The pictured drive won't be cheap. The press release says it is for enterprise data centers. It does perform well, however:

https://news.samsung.com/global/sam...ta-centers-in-next-generation-nf1-form-factor

But if that's not enough, Samsung even makes a 16TB drive:

https://gizmodo.com/samsungs-16tb-ssd-is-now-an-actual-thing-people-can-buy-1762536707


----------



## Zoot_Rollo (Jun 21, 2018)

Nathanael Iversen said:


> That is useful! The video editors will like it even more than the composers! Put a few in RAID and even 10-bit, 4k footage will fit. For samples, this is a LOT of space.
> 
> The pictured drive won't be cheap. The press release says it is for enterprise data centers. It does perform well, however:
> 
> ...



but not m.2 form factor.

which is my flavor du jour.

typically drives the lower capacity drive prices lower - but this is a new ballgame.

time will tell. 

it will be an interesting Q3/Q4, 2018.


----------



## Nathanael Iversen (Jun 21, 2018)

These drive sizes are going into the enterprise data center first. Remember that the Samsung 960Pro drives are consumer drives. They aren't remotely state of the art in an absolute sense. They are state of the art in an "I can afford to buy one on Amazon" sense. Enterprises pay $10k plus for CPU's, drives, etc. Enterprise storage arrays can cost millions of dollars. 

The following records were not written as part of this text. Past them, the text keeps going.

(* Consider a finite Markov decision process with state space $\mathcal{S}$, action space $\mathcal{A}$ ($|\mathcal{S}\times\mathcal{A}|<\infty$), random rewards $r(s,a)$ with $\operatorname{Var}[r(s,a)]<\infty$ for all $s,a$, and discount factor $\gamma\in[0,1)$; let $Q^*$ be its optimal action-value function. Fix $K\in\{1,\dots,|\mathcal{A}|\}$. Two Q-functions $Q^A,Q^B$ are stored in lookup tables and updated simultaneously (action candidate based clipped Double Q-learning with simultaneous updating): at each step $t$, given experience $\langle s_t,a_t,r_t,s_{t+1}\rangle$, let $\mathcal{M}_K$ be the set of actions whose values are among the top $K$ values of $Q^B_t(s_{t+1},\cdot)$, $a_K^*=\arg\max_{a\in\mathcal{M}_K}Q^A_t(s_{t+1},a)$, $a^*=\arg\max_aQ^A_t(s_{t+1},a)$, set $$y_t=r_t+\gamma\min\{Q^B_t(s_{t+1},a_K^* ),Q^A_t(s_{t+1},a^* )\},$$ and update $Q^A_{t+1}(s_t,a_t)=Q^A_t(s_t,a_t)+\alpha_t(s_t,a_t)(y_t-Q^A_t(s_t,a_t))$ and $Q^B_{t+1}(s_t,a_t)=Q^B_t(s_t,a_t)+\alpha_t(s_t,a_t)(y_t-Q^B_t(s_t,a_t))$. Assume: (1) each state-action pair is sampled an infinite number of times; (2) both $Q^A$ and $Q^B$ receive an infinite number of updates; (3) the learning rates satisfy $\alpha_t(s,a)\in[0,1]$, $\sum_t\alpha_t(s,a)=\infty$, $\sum_t\alpha_t(s,a)^2<\infty$ with probability 1, and $\alpha_t(s,a)=0$ for all $(s,a)\neq(s_t,a_t)$. Then this algorithm converges to the optimal value function $Q^*$ with probability 1.
   Context: The optimal action-value function $Q^*$ satisfies the Bellman optimality equation $Q^*(s,a)=R(s,a)+\gamma\sum_{s'}\mathcal{P}_{sa}^{s'}\max_{a'}Q^*(s',a')$, where $R$ is the expected reward and $\mathcal{P}$ the transition probability. *)

theory Defs
  imports "HOL-Probability.Probability"
begin

text \<open>A finite MDP is given by a reward/transition kernel: for each state-action
pair (s,a), Kr s a is the joint law of (reward, next state).\<close>

definition exp_reward :: "('s \<Rightarrow> 'a \<Rightarrow> (real \<times> 's) measure) \<Rightarrow> 's \<Rightarrow> 'a \<Rightarrow> real" where
  "exp_reward Kr s a = (\<integral>x. fst x \<partial>(Kr s a))"

definition trans_prob :: "('s \<Rightarrow> 'a \<Rightarrow> (real \<times> 's) measure) \<Rightarrow> 's \<Rightarrow> 'a \<Rightarrow> 's \<Rightarrow> real" where
  "trans_prob Kr s a s' = measure (Kr s a) (UNIV \<times> {s'})"

definition is_optimal_Q ::
  "('s::finite \<Rightarrow> 'a::finite \<Rightarrow> (real \<times> 's) measure) \<Rightarrow> real \<Rightarrow> ('s \<Rightarrow> 'a \<Rightarrow> real) \<Rightarrow> bool" where
  "is_optimal_Q Kr \<gamma> Q \<longleftrightarrow>
     (\<forall>s a. Q s a = exp_reward Kr s a + \<gamma> * (\<Sum>s'\<in>UNIV. trans_prob Kr s a s' * Max (range (Q s'))))"

definition topK :: "nat \<Rightarrow> ('a::finite \<Rightarrow> real) \<Rightarrow> 'a set" where
  "topK K f = {a. card {b. f a < f b} < K}"

text \<open>S t = s_t, A t = a_t, Rw t = r_t, S (Suc t) = s_{t+1}, \<alpha> t s a = learning rate,
  aK t = the selected action a_K^* at step t (tie-breaking left to the process aK).\<close>
primrec acdq_tables ::
  "real \<Rightarrow> ('s \<Rightarrow> 'a::finite \<Rightarrow> real) \<Rightarrow> ('s \<Rightarrow> 'a \<Rightarrow> real) \<Rightarrow> (nat \<Rightarrow> 'w \<Rightarrow> 's)
   \<Rightarrow> (nat \<Rightarrow> 'w \<Rightarrow> real) \<Rightarrow> (nat \<Rightarrow> 's \<Rightarrow> 'a \<Rightarrow> 'w \<Rightarrow> real) \<Rightarrow> (nat \<Rightarrow> 'w \<Rightarrow> 'a)
   \<Rightarrow> nat \<Rightarrow> 'w \<Rightarrow> ('s \<Rightarrow> 'a \<Rightarrow> real) \<times> ('s \<Rightarrow> 'a \<Rightarrow> real)" where
  "acdq_tables \<gamma> QA0 QB0 S Rw \<alpha> aK 0 \<omega> = (QA0, QB0)"
| "acdq_tables \<gamma> QA0 QB0 S Rw \<alpha> aK (Suc t) \<omega> =
    (let QA = fst (acdq_tables \<gamma> QA0 QB0 S Rw \<alpha> aK t \<omega>);
         QB = snd (acdq_tables \<gamma> QA0 QB0 S Rw \<alpha> aK t \<omega>);
         s' = S (Suc t) \<omega>;
         y = Rw t \<omega> + \<gamma> * min (QB s' (aK t \<omega>)) (Max (range (QA s')))
     in (\<lambda>s a. QA s a + \<alpha> t s a \<omega> * (y - QA s a),
         \<lambda>s a. QB s a + \<alpha> t s a \<omega> * (y - QB s a)))"

end

theory Submission
  imports Defs
begin

text \<open>
  Both tables follow the same averaging recursion, so their difference tends to 0. As the selected
  action lies among the top-\<open>K\<close> actions of \<open>QB\<close>, the clipped target then differs from the
  ordinary Q-learning target \<open>r + \<gamma> * Max (range (QA s'))\<close> by a vanishing bias. Along a sample
  path, \<open>QA - Q*\<close> is the sum of running averages of noise, which vanish, and of a remainder
  that contracts by the factor \<open>\<gamma>\<close> of the Bellman operator in the sup norm; this gives convergence
  as in the classical stochastic-approximation argument. The noise consists of martingale
  differences (reward noise, and next-state noise evaluated on values clipped at a level \<open>N\<close>).
  With square-summable learning rates their weighted sums converge almost surely by Kolmogorov's
  maximal inequality, and a Kronecker-type lemma turns this into vanishing running averages. The
  tables are bounded along every path, so for large \<open>N\<close> the clipping is inactive.
\<close>

section \<open>Averaging recursions\<close>

lemma prod_one_minus_tendsto_zero:
  fixes \<beta> :: "nat \<Rightarrow> real"
  assumes \<beta>0: "\<And>k. 0 \<le> \<beta> k" and \<beta>1: "\<And>k. \<beta> k \<le> 1" and not_summable: "\<not> summable \<beta>"
  shows "(\<lambda>n. \<Prod>k<n. 1 - \<beta> k) \<longlonglongrightarrow> 0"
proof (rule tendsto_sandwich[where f = "\<lambda>_. 0"])
  have "filterlim (\<lambda>n. \<Sum>k<n. \<beta> k) at_top sequentially"
    unfolding filterlim_at_top eventually_sequentially
  proof
    fix Z :: real
    obtain n where n: "Z < (\<Sum>k<n. \<beta> k)"
      using not_summable summableI_nonneg_bounded[of \<beta> Z] \<beta>0 by (meson not_le)
    have "(\<Sum>k<n. \<beta> k) \<le> (\<Sum>k<m. \<beta> k)" if "n \<le> m" for m
      using that \<beta>0 by (intro sum_mono2) auto
    with n show "\<exists>N. \<forall>m\<ge>N. Z \<le> (\<Sum>k<m. \<beta> k)" by force
  qed
  then have "filterlim (\<lambda>n. - (\<Sum>k<n. \<beta> k)) at_bot sequentially"
    by (simp add: filterlim_uminus_at_top)
  then show "(\<lambda>n. exp (- (\<Sum>k<n. \<beta> k))) \<longlonglongrightarrow> 0"
    by (rule filterlim_compose[OF exp_at_bot])
  have "(\<Prod>k<n. 1 - \<beta> k) \<le> (\<Prod>k<n. exp (- \<beta> k))" for n
  proof (intro prod_mono conjI)
    fix k
    show "0 \<le> 1 - \<beta> k" using \<beta>1[of k] by simp
    show "1 - \<beta> k \<le> exp (- \<beta> k)" using exp_ge_add_one_self[of "- \<beta> k"] by simp
  qed
  then show "\<forall>\<^sub>F n in sequentially. (\<Prod>k<n. 1 - \<beta> k) \<le> exp (- (\<Sum>k<n. \<beta> k))"
    by (simp add: exp_sum sum_negf[symmetric])
  show "\<forall>\<^sub>F n in sequentially. 0 \<le> (\<Prod>k<n. 1 - \<beta> k)"
    using \<beta>1 by (simp add: prod_nonneg)
qed simp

That said, affordable big drives will come. After they milk the enterprise for them. I would guess that not many here can fill 8TB sample drives. I can't. I'm sure Charlie can! Photographers can. Video people easily can.


----------



## fiestared (Jun 22, 2018)

Nathanael Iversen said:


> These drive sizes are going into the enterprise data center first. Remember that the Samsung 960Pro drives are consumer drives. They aren't remotely state of the art in an absolute sense. They are state of the art in an "I can afford to buy one on Amazon" sense. Enterprises pay $10k plus for CPU's, drives, etc. Enterprise storage arrays can cost millions of dollars.
> 
> That said, affordable big drives will come. After they milk the enterprise for them. I would guess that not many here can fill 8TB sample drives. I can't. I'm sure Charlie can! Photographers can. Video people easily can.


I am one of them !


----------



## leon chevalier (Jun 22, 2018)




----------



## Zoot_Rollo (Jun 22, 2018)

fiestared said:


> I am one of them !




me too.


----------